**Requirement**:
Each line in the records below that has the word "infty" should be copied.

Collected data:
■ ■ ■ ■

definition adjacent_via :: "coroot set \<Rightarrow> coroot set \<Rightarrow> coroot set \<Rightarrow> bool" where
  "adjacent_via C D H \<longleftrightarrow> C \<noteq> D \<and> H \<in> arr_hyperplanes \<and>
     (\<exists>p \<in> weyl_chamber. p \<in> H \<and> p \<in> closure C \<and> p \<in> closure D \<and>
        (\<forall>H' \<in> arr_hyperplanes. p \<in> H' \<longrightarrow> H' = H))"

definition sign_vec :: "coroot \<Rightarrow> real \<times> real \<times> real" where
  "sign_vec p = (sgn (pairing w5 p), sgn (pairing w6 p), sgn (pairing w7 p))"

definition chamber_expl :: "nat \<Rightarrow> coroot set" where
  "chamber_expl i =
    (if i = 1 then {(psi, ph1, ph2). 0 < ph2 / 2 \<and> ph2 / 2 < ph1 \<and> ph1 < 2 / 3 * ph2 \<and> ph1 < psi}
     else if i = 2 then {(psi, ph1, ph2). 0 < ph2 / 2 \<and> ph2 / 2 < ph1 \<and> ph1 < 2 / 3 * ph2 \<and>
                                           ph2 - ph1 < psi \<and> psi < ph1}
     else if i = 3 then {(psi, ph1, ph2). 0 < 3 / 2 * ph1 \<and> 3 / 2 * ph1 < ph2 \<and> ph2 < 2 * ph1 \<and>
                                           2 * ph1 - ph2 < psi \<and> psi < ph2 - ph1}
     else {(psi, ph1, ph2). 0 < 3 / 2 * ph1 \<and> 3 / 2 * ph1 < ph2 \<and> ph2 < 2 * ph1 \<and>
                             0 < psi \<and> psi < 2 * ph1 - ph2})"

■ ■ ■ ■

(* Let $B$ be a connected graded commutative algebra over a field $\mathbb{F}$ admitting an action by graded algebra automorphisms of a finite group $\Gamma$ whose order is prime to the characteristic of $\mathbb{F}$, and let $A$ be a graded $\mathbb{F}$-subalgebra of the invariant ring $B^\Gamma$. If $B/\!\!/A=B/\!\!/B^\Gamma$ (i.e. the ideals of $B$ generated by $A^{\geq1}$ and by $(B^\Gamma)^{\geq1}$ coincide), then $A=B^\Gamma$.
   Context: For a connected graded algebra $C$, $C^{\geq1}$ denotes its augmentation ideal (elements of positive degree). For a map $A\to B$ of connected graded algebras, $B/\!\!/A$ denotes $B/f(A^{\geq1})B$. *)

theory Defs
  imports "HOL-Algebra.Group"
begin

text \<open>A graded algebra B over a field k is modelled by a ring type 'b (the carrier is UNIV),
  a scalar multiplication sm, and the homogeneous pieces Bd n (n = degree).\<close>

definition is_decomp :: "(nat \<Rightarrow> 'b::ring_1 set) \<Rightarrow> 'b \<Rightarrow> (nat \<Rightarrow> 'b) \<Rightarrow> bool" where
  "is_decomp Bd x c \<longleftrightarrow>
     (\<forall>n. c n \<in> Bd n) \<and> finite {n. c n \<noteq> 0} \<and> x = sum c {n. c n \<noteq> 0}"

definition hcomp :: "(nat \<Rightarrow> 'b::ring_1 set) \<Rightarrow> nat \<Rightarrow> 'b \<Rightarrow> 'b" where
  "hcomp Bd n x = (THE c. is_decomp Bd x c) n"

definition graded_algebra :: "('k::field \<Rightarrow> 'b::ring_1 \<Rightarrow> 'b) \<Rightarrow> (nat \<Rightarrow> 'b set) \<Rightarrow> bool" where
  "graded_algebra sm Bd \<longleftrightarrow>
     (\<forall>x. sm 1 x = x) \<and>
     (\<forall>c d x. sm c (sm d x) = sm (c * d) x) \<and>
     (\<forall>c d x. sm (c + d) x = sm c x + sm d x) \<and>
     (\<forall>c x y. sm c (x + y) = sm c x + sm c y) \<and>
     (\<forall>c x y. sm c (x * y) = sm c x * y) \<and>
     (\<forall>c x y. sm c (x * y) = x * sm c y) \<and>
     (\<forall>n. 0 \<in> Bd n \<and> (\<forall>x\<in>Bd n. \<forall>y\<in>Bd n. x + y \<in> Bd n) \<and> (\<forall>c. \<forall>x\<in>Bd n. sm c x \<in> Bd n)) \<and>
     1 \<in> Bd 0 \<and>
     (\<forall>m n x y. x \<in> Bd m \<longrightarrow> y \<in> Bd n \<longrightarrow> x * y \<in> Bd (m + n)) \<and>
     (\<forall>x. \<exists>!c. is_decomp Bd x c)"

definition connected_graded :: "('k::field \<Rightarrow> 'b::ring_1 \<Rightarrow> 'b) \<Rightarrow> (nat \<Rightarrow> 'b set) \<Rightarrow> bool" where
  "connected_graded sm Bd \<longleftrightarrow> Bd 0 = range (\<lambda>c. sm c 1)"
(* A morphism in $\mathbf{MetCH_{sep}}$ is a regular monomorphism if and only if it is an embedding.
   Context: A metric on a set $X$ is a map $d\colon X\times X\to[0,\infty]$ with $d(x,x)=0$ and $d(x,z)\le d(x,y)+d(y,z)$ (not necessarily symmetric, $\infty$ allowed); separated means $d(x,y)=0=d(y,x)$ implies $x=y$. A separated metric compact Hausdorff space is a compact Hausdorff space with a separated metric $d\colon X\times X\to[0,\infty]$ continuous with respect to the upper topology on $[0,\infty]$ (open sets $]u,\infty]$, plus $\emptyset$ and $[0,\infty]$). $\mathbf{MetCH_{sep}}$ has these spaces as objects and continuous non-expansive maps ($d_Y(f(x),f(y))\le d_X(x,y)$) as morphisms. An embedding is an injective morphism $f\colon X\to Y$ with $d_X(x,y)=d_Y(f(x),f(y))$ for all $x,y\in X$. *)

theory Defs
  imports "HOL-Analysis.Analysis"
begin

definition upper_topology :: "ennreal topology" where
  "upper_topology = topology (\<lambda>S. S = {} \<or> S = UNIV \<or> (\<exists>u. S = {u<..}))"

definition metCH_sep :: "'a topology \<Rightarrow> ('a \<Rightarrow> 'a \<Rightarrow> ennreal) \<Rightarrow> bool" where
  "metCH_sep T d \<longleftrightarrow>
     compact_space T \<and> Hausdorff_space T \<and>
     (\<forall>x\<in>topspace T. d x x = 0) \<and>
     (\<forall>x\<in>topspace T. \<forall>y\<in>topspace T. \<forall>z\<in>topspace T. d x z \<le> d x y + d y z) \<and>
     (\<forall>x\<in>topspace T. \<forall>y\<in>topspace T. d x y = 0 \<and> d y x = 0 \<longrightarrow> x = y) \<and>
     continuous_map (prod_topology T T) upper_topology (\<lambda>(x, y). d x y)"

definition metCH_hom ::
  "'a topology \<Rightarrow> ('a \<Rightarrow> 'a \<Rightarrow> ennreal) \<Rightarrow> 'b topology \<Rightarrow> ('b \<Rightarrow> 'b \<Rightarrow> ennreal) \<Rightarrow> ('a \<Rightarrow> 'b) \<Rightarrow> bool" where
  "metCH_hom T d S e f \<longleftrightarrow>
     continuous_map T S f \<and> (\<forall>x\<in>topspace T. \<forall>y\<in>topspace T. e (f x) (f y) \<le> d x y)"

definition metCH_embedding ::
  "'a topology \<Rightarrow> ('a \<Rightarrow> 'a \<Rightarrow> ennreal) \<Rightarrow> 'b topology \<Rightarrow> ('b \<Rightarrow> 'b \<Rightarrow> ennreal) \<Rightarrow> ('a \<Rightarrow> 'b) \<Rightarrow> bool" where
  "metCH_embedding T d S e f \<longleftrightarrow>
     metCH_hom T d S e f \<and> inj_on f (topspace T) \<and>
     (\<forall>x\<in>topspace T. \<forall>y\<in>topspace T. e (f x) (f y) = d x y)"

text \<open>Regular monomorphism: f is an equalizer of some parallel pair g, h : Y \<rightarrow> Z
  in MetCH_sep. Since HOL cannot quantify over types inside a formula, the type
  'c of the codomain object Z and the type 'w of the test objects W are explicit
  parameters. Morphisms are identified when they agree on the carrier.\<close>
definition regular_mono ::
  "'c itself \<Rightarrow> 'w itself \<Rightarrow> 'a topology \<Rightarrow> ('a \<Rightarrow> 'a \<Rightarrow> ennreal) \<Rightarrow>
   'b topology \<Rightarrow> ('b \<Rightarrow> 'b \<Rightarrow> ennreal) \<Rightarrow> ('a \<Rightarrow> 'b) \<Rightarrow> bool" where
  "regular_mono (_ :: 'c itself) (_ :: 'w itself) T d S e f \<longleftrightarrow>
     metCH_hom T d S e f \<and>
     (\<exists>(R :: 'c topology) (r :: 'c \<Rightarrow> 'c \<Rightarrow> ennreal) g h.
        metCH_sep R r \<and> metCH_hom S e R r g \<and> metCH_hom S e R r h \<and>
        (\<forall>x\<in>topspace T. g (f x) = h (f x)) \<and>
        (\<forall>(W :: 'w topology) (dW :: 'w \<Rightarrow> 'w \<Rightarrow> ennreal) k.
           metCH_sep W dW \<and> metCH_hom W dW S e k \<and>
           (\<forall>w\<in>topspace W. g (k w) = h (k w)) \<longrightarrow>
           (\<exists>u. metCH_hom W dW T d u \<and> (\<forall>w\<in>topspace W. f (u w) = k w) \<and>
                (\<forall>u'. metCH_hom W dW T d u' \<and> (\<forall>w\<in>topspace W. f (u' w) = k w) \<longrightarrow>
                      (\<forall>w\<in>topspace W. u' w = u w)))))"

■ ■ ■ ■

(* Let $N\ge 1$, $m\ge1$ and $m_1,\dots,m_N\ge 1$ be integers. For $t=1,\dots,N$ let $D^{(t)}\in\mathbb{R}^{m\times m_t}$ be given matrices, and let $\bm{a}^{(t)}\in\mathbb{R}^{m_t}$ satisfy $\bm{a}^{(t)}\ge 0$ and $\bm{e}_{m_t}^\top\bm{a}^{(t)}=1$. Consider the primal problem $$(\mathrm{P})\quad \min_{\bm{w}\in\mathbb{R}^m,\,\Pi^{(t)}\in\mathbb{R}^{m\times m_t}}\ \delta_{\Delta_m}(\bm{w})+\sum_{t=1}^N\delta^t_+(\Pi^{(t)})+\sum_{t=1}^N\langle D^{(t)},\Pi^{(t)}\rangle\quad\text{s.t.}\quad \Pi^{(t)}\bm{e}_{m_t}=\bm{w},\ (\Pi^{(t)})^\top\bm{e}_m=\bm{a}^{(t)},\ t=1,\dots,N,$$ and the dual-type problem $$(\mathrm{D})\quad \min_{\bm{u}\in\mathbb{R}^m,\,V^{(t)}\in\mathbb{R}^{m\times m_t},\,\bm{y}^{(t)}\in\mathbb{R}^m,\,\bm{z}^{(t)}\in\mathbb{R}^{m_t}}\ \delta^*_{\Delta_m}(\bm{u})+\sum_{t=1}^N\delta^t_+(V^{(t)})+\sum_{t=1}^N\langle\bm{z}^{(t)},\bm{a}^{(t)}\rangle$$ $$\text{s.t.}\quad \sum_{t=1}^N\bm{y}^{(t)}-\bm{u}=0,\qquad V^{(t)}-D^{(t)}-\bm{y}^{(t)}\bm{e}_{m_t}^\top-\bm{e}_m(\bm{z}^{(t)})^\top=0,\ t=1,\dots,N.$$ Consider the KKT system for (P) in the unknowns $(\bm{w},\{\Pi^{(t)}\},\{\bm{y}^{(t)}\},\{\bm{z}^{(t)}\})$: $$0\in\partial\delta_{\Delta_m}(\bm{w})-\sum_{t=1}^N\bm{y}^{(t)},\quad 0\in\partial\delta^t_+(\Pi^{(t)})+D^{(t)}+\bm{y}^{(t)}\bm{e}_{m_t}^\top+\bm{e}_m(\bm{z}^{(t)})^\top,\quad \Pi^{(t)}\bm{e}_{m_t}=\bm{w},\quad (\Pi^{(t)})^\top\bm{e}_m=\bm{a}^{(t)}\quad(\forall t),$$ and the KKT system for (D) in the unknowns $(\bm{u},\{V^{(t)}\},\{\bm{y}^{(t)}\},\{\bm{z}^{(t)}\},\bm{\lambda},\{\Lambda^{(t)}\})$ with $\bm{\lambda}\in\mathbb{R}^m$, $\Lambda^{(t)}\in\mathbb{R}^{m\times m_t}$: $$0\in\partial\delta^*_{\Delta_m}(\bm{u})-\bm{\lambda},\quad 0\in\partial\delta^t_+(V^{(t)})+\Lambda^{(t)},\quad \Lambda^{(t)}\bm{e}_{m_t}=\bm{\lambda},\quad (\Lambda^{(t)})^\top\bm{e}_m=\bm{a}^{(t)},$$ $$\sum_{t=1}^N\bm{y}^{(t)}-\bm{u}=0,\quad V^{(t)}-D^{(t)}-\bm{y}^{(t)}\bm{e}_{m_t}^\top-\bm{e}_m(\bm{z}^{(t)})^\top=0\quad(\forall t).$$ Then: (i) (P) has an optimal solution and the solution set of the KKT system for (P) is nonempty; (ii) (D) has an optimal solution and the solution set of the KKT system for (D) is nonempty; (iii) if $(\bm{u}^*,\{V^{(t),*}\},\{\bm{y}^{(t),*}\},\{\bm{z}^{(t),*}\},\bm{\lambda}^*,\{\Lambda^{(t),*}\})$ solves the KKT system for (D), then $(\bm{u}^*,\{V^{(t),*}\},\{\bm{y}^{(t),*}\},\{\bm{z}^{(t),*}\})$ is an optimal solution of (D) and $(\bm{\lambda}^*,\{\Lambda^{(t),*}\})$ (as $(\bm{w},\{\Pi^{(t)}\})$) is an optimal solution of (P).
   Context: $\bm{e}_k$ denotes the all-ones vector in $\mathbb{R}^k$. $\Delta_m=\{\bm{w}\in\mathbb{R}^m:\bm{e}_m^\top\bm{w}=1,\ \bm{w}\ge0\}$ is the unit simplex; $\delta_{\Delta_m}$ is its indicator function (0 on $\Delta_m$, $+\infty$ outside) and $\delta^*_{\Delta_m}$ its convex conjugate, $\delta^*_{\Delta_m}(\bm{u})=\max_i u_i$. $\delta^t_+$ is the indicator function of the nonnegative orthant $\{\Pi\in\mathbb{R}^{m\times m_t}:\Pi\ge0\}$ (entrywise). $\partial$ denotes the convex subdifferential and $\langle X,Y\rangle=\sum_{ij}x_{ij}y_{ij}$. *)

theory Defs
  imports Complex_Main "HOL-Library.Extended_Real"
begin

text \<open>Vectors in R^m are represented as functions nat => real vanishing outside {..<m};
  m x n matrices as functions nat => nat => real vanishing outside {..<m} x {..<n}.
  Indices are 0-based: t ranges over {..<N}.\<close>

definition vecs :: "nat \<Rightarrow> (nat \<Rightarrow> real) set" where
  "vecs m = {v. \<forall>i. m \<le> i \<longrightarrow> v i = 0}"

■ ■ ■ ■

**Answer for the task**:
   Context: A metric on a set $X$ is a map $d\colon X\times X\to[0,\infty]$ with $d(x,x)=0$ and $d(x,z)\le d(x,y)+d(y,z)$ (not necessarily symmetric, $\infty$ allowed); separated means $d(x,y)=0=d(y,x)$ implies $x=y$. A separated metric compact Hausdorff space is a compact Hausdorff space with a separated metric $d\colon X\times X\to[0,\infty]$ continuous with respect to the upper topology on $[0,\infty]$ (open sets $]u,\infty]$, plus $\emptyset$ and $[0,\infty]$). $\mathbf{MetCH_{sep}}$ has these spaces as objects and continuous non-expansive maps ($d_Y(f(x),f(y))\le d_X(x,y)$) as morphisms. An embedding is an injective morphism $f\colon X\to Y$ with $d_X(x,y)=d_Y(f(x),f(y))$ for all $x,y\in X$. *)
   Context: $\bm{e}_k$ denotes the all-ones vector in $\mathbb{R}^k$. $\Delta_m=\{\bm{w}\in\mathbb{R}^m:\bm{e}_m^\top\bm{w}=1,\ \bm{w}\ge0\}$ is the unit simplex; $\delta_{\Delta_m}$ is its indicator function (0 on $\Delta_m$, $+\infty$ outside) and $\delta^*_{\Delta_m}$ its convex conjugate, $\delta^*_{\Delta_m}(\bm{u})=\max_i u_i$. $\delta^t_+$ is the indicator function of the nonnegative orthant $\{\Pi\in\mathbb{R}^{m\times m_t}:\Pi\ge0\}$ (entrywise). $\partial$ denotes the convex subdifferential and $\langle X,Y\rangle=\sum_{ij}x_{ij}y_{ij}$. *)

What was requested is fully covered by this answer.